- Exercise prompt:
In the listing below, identify each line with the word "step" and return those lines.

- Data provided:
(* Fix a vertex $\mu$, let $\widehat f,\widehat g,\widehat h\in\mathbb Q^\Gamma$, $f=\widehat fV$, and for $i\sim\mu$ put $U_i=\Gamma^\mu_i\setminus\{i\}$. Then $$\big(\widehat f_{\langle\widehat g\rangle[\widehat h]}\big)_i=\begin{cases}\widehat f_\mu-\sum_{\nu\sim\mu}\rho_{[\mu,\nu]}(\mu)\widehat h_\nu & i=\mu,\\ \widehat f_i+\widehat h_i+\sum_{j\in U_i}\rho_{[i,j]}(\mu)\widehat g_j & i\sim\mu,\\ \widehat f_i-\widehat g_i&\text{otherwise.}\end{cases}$$ Moreover, for every vertex $i$, $$(\widehat f_{\langle\widehat g\rangle}V)_i=f_i-\sum_{\nu\sim\mu}\sum_{j\in\Gamma^\mu_\nu}\widehat g_j\,\varphi^{[\nu,j]}_\mu(i)\,V_{\mu,i},\qquad (\widehat f_{[\widehat h]}V)_i=f_i+\sum_{\nu\sim\mu}\widehat h_\nu\,\varphi^{[\mu,\nu]}_\mu(i)\,V_{\mu,i}.$$ Consequently, if $\widehat g\ge0$ then $(\widehat f_{\langle\widehat g\rangle}V)_i\le f_i$ for all $i$, with strict inequality exactly when $i\in\Gamma^\nu_j$ for some $\nu\sim\mu$ and some $j\in\Gamma^\mu_\nu$ with $\widehat g_j>0$ (in particular equality holds when $d(\mu,i)\le1$); and if $\widehat h\ge0$ then $(\widehat f_{[\widehat h]}V)_i\ge f_i$, with strict inequality exactly when $i\in\Gamma^\mu_\nu$ for some $\nu\sim\mu$ with $\widehat h_\nu>0$.
   Context: Setting: $R$ two-dimensional regular local ring with algebraically closed residue field; $\pi:X=X_{N+1}\to\cdots\to X_1=\operatorname{Spec}R$ a composition of point blowups; $E_\nu$ strict transforms of the exceptional divisors; proximity matrix $P$ ($p_{\mu,\mu}=1$, $p_{\mu,\nu}=-1$ if $x_\mu$ lies on the strict transform on $X_\mu$ of the exceptional divisor of the blowup of $x_\nu$, else $0$), valuation matrix $V=(P^TP)^{-1}$ (symmetric, positive entries). Dual graph $\Gamma$ on vertices $1..N$, $\gamma\sim\eta$ iff $\gamma\ne\eta$ and $E_\gamma\cap E_\eta\neq\emptyset$ (a tree); $d$ graph distance; branch $\Gamma^\mu_\nu$ = maximal connected subgraph containing $\nu$ but not $\mu$ ($\Gamma^\mu_\mu=\emptyset$). $\mathbf 1_i$ is the standard basis vector of $\mathbb Q^\Gamma$; $\rho_{[\alpha,\beta]}(\nu)=V_{\beta,\nu}/V_{\alpha,\nu}$; $\widehat r_{[\alpha,\beta]}=\mathbf 1_\beta-\rho_{[\alpha,\beta]}(\alpha)\mathbf 1_\alpha$; $\varphi^{[\alpha,\beta]}_\eta(\nu)=(\widehat r_{[\alpha,\beta]}V)_\nu/V_{\eta,\nu}$. For the fixed $\mu$: $\widehat f_{\langle\widehat g\rangle[\widehat h]}=\widehat f-\sum_{i\sim\mu}\sum_{j\in\Gamma^\mu_i}\widehat g_j\widehat r_{[i,j]}+\sum_{i\sim\mu}\widehat h_i\widehat r_{[\mu,i]}$; $\widehat f_{\langle\widehat g\rangle}$ and $\widehat f_{[\widehat h]}$ denote the cases $\widehat h=0$ and $\widehat g=0$ respectively. *)

theory Defs
  imports Complex_Main
begin

text \<open>
  Points x_1,...,x_N are blown up; x_1 is the closed point of Spec R.  Every closed point of
  X_k (k >= 2) lies on the exceptional locus, i.e. on one curve E_i (a free point of E_i) or on
  the intersection of two curves E_i, E_j (a satellite point).  The choice for x_k is recorded
  by ch k.  Curves are indexed 1..N (E_nu is the strict transform of the exceptional divisor of
  the blowup of x_nu).
\<close>

datatype bchoice = Free nat | Sat nat nat

text \<open>dgraph ch k a b: the curves E_a and E_b (a, b in 1..k) meet on X_(k+1).\<close>
fun dgraph :: "(nat \<Rightarrow> bchoice) \<Rightarrow> nat \<Rightarrow> nat \<Rightarrow> nat \<Rightarrow> bool" where
  "dgraph ch 0 a b = False"
| "dgraph ch (Suc 0) a b = False"
| "dgraph ch (Suc (Suc k)) a b =
     (case ch (Suc (Suc k)) of
        Free i \<Rightarrow> dgraph ch (Suc k) a b \<or> (a = Suc (Suc k) \<and> b = i) \<or> (a = i \<and> b = Suc (Suc k))
      | Sat i j \<Rightarrow> (dgraph ch (Suc k) a b \<and> \<not> ({a, b} = {i, j}))
                  \<or> (a = Suc (Suc k) \<and> (b = i \<or> b = j))
                  \<or> (b = Suc (Suc k) \<and> (a = i \<or> a = j)))"

definition valid_blowups :: "nat \<Rightarrow> (nat \<Rightarrow> bchoice) \<Rightarrow> bool" where
  "valid_blowups N ch \<longleftrightarrow>
     (\<forall>k\<in>{2..N}. case ch k of
        Free i \<Rightarrow> 1 \<le> i \<and> i < k
      | Sat i j \<Rightarrow> 1 \<le> i \<and> i < k \<and> 1 \<le> j \<and> j < k \<and> i \<noteq> j \<and> dgraph ch (k - 1) i j)"

text \<open>x_k lies on the strict transform on X_k of the exceptional divisor of the blowup of x_i.\<close>
definition proximate :: "(nat \<Rightarrow> bchoice) \<Rightarrow> nat \<Rightarrow> nat \<Rightarrow> bool" where
  "proximate ch k i \<longleftrightarrow> 2 \<le> k \<and> (case ch k of Free a \<Rightarrow> i = a | Sat a b \<Rightarrow> i = a \<or> i = b)"

definition proxmat :: "(nat \<Rightarrow> bchoice) \<Rightarrow> nat \<Rightarrow> nat \<Rightarrow> rat" where
  "proxmat ch m n = (if m = n then 1 else if proximate ch m n then -1 else 0)"

definition PtP :: "nat \<Rightarrow> (nat \<Rightarrow> bchoice) \<Rightarrow> nat \<Rightarrow> nat \<Rightarrow> rat" where
  "PtP N ch a b = (\<Sum>c\<in>{1..N}. proxmat ch c a * proxmat ch c b)"

definition is_valuation_matrix :: "nat \<Rightarrow> (nat \<Rightarrow> bchoice) \<Rightarrow> (nat \<Rightarrow> nat \<Rightarrow> rat) \<Rightarrow> bool" where
  "is_valuation_matrix N ch V \<longleftrightarrow>
     (\<forall>a\<in>{1..N}. \<forall>b\<in>{1..N}.
        (\<Sum>c\<in>{1..N}. PtP N ch a c * V c b) = (if a = b then 1 else 0) \<and>
        (\<Sum>c\<in>{1..N}. V a c * PtP N ch c b) = (if a = b then 1 else 0))"

definition nbrs :: "nat \<Rightarrow> (nat \<Rightarrow> bchoice) \<Rightarrow> nat \<Rightarrow> nat set" where
  "nbrs N ch m = {i\<in>{1..N}. i \<noteq> m \<and> dgraph ch N m i}"

definition branch :: "nat \<Rightarrow> (nat \<Rightarrow> bchoice) \<Rightarrow> nat \<Rightarrow> nat \<Rightarrow> nat set" where
  "branch N ch m n =
     (let S = {1..N} - {m};
          E = {(a, b). a \<in> S \<and> b \<in> S \<and> a \<noteq> b \<and> dgraph ch N a b}
      in if n \<in> S then {w. (n, w) \<in> E\<^sup>*} else {})"

definition vecmat :: "nat \<Rightarrow> (nat \<Rightarrow> rat) \<Rightarrow> (nat \<Rightarrow> nat \<Rightarrow> rat) \<Rightarrow> nat \<Rightarrow> rat" where
  "vecmat N x V n = (\<Sum>a\<in>{1..N}. x a * V a n)"

definition unitv :: "nat \<Rightarrow> nat \<Rightarrow> rat" where
  "unitv i k = (if k = i then 1 else 0)"

definition rho :: "(nat \<Rightarrow> nat \<Rightarrow> rat) \<Rightarrow> nat \<Rightarrow> nat \<Rightarrow> nat \<Rightarrow> rat" where
  "rho V a b n = V b n / V a n"

definition rhat :: "(nat \<Rightarrow> nat \<Rightarrow> rat) \<Rightarrow> nat \<Rightarrow> nat \<Rightarrow> nat \<Rightarrow> rat" where
  "rhat V a b k = unitv b k - rho V a b a * unitv a k"

definition phi :: "nat \<Rightarrow> (nat \<Rightarrow> nat \<Rightarrow> rat) \<Rightarrow> nat \<Rightarrow> nat \<Rightarrow> nat \<Rightarrow> nat \<Rightarrow> rat" where
  "phi N V a b e n = vecmat N (rhat V a b) V n / V e n"

definition fmod :: "nat \<Rightarrow> (nat \<Rightarrow> bchoice) \<Rightarrow> (nat \<Rightarrow> nat \<Rightarrow> rat) \<Rightarrow> nat
    \<Rightarrow> (nat \<Rightarrow> rat) \<Rightarrow> (nat \<Rightarrow> rat) \<Rightarrow> (nat \<Rightarrow> rat) \<Rightarrow> nat \<Rightarrow> rat" where
  "fmod N ch V m fh gh hh k =
     fh k - (\<Sum>i\<in>nbrs N ch m. \<Sum>j\<in>branch N ch m i. gh j * rhat V i j k)
          + (\<Sum>i\<in>nbrs N ch m. hh i * rhat V m i k)"

end

theory Submission
  imports Defs
begin

text \<open>
  The dual graph is a tree, and K = P^T P is a positive definite matrix whose off-diagonal
  entries are -1 on the edges of the tree and 0 elsewhere. Since V is the inverse of K, a vector
  D = x V satisfies D K = x, and positive definiteness together with the sign pattern of K yields
  a discrete maximum principle: if D K \<ge> 0 on S and D = 0 off S, then D \<ge> 0, and D > 0 on every
  part of S connected to a vertex where D K > 0. For D = rhat_[\<alpha>,\<beta>] V, which vanishes at \<alpha> by
  the choice of \<rho>, this shows that rhat_[\<alpha>,\<beta>] V is positive on the branch \<Gamma>^\<alpha>_\<beta> and zero
  elsewhere; in particular \<rho>_[\<alpha>,\<beta>] is constant outside that branch. Everything else follows
  by linearity, using that the branches at \<mu> are disjoint and cover all vertices other than \<mu>.
\<close>

section \<open>The dual graph is a tree\<close>

lemma rtrancl_map:
  assumes "(x, y) \<in> R\<^sup>*" and "\<And>u v. (u, v) \<in> R \<Longrightarrow> f u = f v \<or> (f u, f v) \<in> S"
  shows "(f x, f y) \<in> S\<^sup>*"
  using assms(1)
proof (induction rule: rtrancl_induct)
  case (step y z)
  with assms(2)[OF step(2)] show ?case by (metis rtrancl.rtrancl_into_rtrancl)
qed simp

text \<open>Acyclicity is inherited by merging the new vertex into an old one: a path avoiding
  an edge of the enlarged graph maps to a path avoiding the corresponding old edge.\<close>
lemma path_avoiding_edge_map:
  assumes "(a, b) \<in> {(x, y). g' x y \<and> {x, y} \<noteq> {a, b}}\<^sup>*"
    and "\<And>u v. g' u v \<Longrightarrow> {u, v} \<noteq> {a, b} \<Longrightarrow>
           f u = f v \<or> (g (f u) (f v) \<and> {f u, f v} \<noteq> {f a, f b})"
  shows "(f a, f b) \<in> {(x, y). g x y \<and> {x, y} \<noteq> {f a, f b}}\<^sup>*"
  using assms by (intro rtrancl_map[OF assms(1)]) auto

definition tree_on :: "(nat \<Rightarrow> nat \<Rightarrow> bool) \<Rightarrow> nat \<Rightarrow> bool" where
  "tree_on g k \<longleftrightarrow>
     (\<forall>a b. g a b \<longrightarrow> a \<in> {1..k} \<and> b \<in> {1..k} \<and> a \<noteq> b \<and> g b a)
   \<and> (\<forall>x\<in>{1..k}. (1, x) \<in> {(u, v). g u v}\<^sup>*)
   \<and> (\<forall>a b. g a b \<longrightarrow> (a, b) \<notin> {(x, y). g x y \<and> {x, y} \<noteq> {a, b}}\<^sup>*)"

lemma add_leaf_bridge:
  assumes T: "tree_on g k" and i: "i \<in> {1..k}"
    and g': "\<And>a b. g' a b \<longleftrightarrow> g a b \<or> (a = Suc k \<and> b = i) \<or> (a = i \<and> b = Suc k)"
    and ab: "g' a b"
  shows "(a, b) \<notin> {(x, y). g' x y \<and> {x, y} \<noteq> {a, b}}\<^sup>*"
proof
  have edge: "\<And>a b. g a b \<Longrightarrow> a \<in> {1..k} \<and> b \<in> {1..k} \<and> a \<noteq> b \<and> g b a"
    and bridge: "\<And>a b. g a b \<Longrightarrow> (a, b) \<notin> {(x, y). g x y \<and> {x, y} \<noteq> {a, b}}\<^sup>*"
    using T unfolding tree_on_def by blast+
  assume p: "(a, b) \<in> {(x, y). g' x y \<and> {x, y} \<noteq> {a, b}}\<^sup>*"
  show False
  proof (cases "g a b")
    case True
    let ?f = "\<lambda>x. if x = Suc k then i else x"
    have "?f a = a" "?f b = b" using edge[OF True] by auto
    moreover have "(?f a, ?f b) \<in> {(x, y). g x y \<and> {x, y} \<noteq> {?f a, ?f b}}\<^sup>*"
    proof (rule path_avoiding_edge_map[OF p])
      fix u v assume uv: "g' u v" "{u, v} \<noteq> {a, b}"
      show "?f u = ?f v \<or> (g (?f u) (?f v) \<and> {?f u, ?f v} \<noteq> {?f a, ?f b})"
      proof (cases "g u v")
        case True
        then show ?thesis using edge[OF True] uv \<open>?f a = a\<close> \<open>?f b = b\<close> by auto
      qed (use uv g' in auto)
    qed
    ultimately show False using bridge[OF True] by simp
  next
    case False
    then have ab': "{a, b} = {Suc k, i}" using ab g' by auto
    let ?f = "\<lambda>x. x = Suc k"
    have "(?f a, ?f b) \<in> {(x, y). False \<and> {x, y} \<noteq> {?f a, ?f b}}\<^sup>*"
    proof (rule path_avoiding_edge_map[OF p])
      fix u v assume uv: "g' u v" "{u, v} \<noteq> {a, b}"
      then have "g u v" using ab' g' by (auto simp: insert_commute)
      then have "u \<noteq> Suc k" "v \<noteq> Suc k" using edge by fastforce+
      then show "?f u = ?f v \<or> (False \<and> {?f u, ?f v} \<noteq> {?f a, ?f b})" by simp
    qed
    then show False using ab' i by (auto simp: doubleton_eq_iff)
  qed
qed

lemma tree_on_add_leaf:
  assumes T: "tree_on g k" and i: "i \<in> {1..k}"
  shows "tree_on (\<lambda>a b. g a b \<or> (a = Suc k \<and> b = i) \<or> (a = i \<and> b = Suc k)) (Suc k)"
    (is "tree_on ?g _")
proof -
  have edge: "\<And>a b. g a b \<Longrightarrow> a \<in> {1..k} \<and> b \<in> {1..k} \<and> a \<noteq> b \<and> g b a"
    and conn: "\<And>x. x \<in> {1..k} \<Longrightarrow> (1, x) \<in> {(u, v). g u v}\<^sup>*"
    using T unfolding tree_on_def by blast+
  have sub: "{(u, v). g u v}\<^sup>* \<subseteq> {(u, v). ?g u v}\<^sup>*"
    by (rule rtrancl_mono) auto
  have "(1, x) \<in> {(u, v). ?g u v}\<^sup>*" if x: "x \<in> {1..Suc k}" for x
  proof (cases "x = Suc k")
    case True
    have "(1, i) \<in> {(u, v). ?g u v}\<^sup>*" using conn[OF i] sub by blast
    then show ?thesis using True by (auto intro: rtrancl_into_rtrancl)
  next
    case False
    then show ?thesis using x conn sub by fastforce
  qed
  moreover have "(a, b) \<notin> {(x, y). ?g x y \<and> {x, y} \<noteq> {a, b}}\<^sup>*" if "?g a b" for a b
    using add_leaf_bridge[OF T i, of ?g a b] that by simp
  ultimately show ?thesis using edge i unfolding tree_on_def by fastforce
qed

lemma subdivide_edge_old_bridge:
  assumes T: "tree_on g k" and gij: "g i j"
    and g': "\<And>a b. g' a b \<longleftrightarrow>
      (g a b \<and> {a, b} \<noteq> {i, j}) \<or> (a = Suc k \<and> (b = i \<or> b = j)) \<or> (b = Suc k \<and> (a = i \<or> a = j))"
    and ab: "g a b" "{a, b} \<noteq> {i, j}"
  shows "(a, b) \<notin> {(x, y). g' x y \<and> {x, y} \<noteq> {a, b}}\<^sup>*"
proof
  have edge: "\<And>a b. g a b \<Longrightarrow> a \<in> {1..k} \<and> b \<in> {1..k} \<and> a \<noteq> b \<and> g b a"
    and bridge: "\<And>a b. g a b \<Longrightarrow> (a, b) \<notin> {(x, y). g x y \<and> {x, y} \<noteq> {a, b}}\<^sup>*"
    using T unfolding tree_on_def by blast+
  assume p: "(a, b) \<in> {(x, y). g' x y \<and> {x, y} \<noteq> {a, b}}\<^sup>*"
  let ?f = "\<lambda>x. if x = Suc k then i else x"
  have "a \<noteq> Suc k" "b \<noteq> Suc k" using edge ab by fastforce+
  then have fab: "?f a = a" "?f b = b" by simp_all
  have "(?f a, ?f b) \<in> {(x, y). g x y \<and> {x, y} \<noteq> {?f a, ?f b}}\<^sup>*"
  proof (rule path_avoiding_edge_map[OF p])
    fix u v assume uv: "g' u v" "{u, v} \<noteq> {a, b}"
    show "?f u = ?f v \<or> (g (?f u) (?f v) \<and> {?f u, ?f v} \<noteq> {?f a, ?f b})"
    proof (cases "g u v \<and> {u, v} \<noteq> {i, j}")
      case True
      then have "u \<noteq> Suc k" "v \<noteq> Suc k" using edge by fastforce+
      then show ?thesis using True uv fab by simp
    next
      case False
      then have "(u = Suc k \<and> (v = i \<or> v = j)) \<or> (v = Suc k \<and> (u = i \<or> u = j))"
        using uv g' by auto
      moreover have "i \<noteq> Suc k" "j \<noteq> Suc k" using edge[OF gij] by auto
      ultimately show ?thesis using gij edge[OF gij] ab fab by (auto simp: insert_commute)
    qed
  qed
  then show False using bridge[OF ab(1)] fab by simp
qed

- Written answer:
  case (step y z)
  with assms(2)[OF step(2)] show ?case by (metis rtrancl.rtrancl_into_rtrancl)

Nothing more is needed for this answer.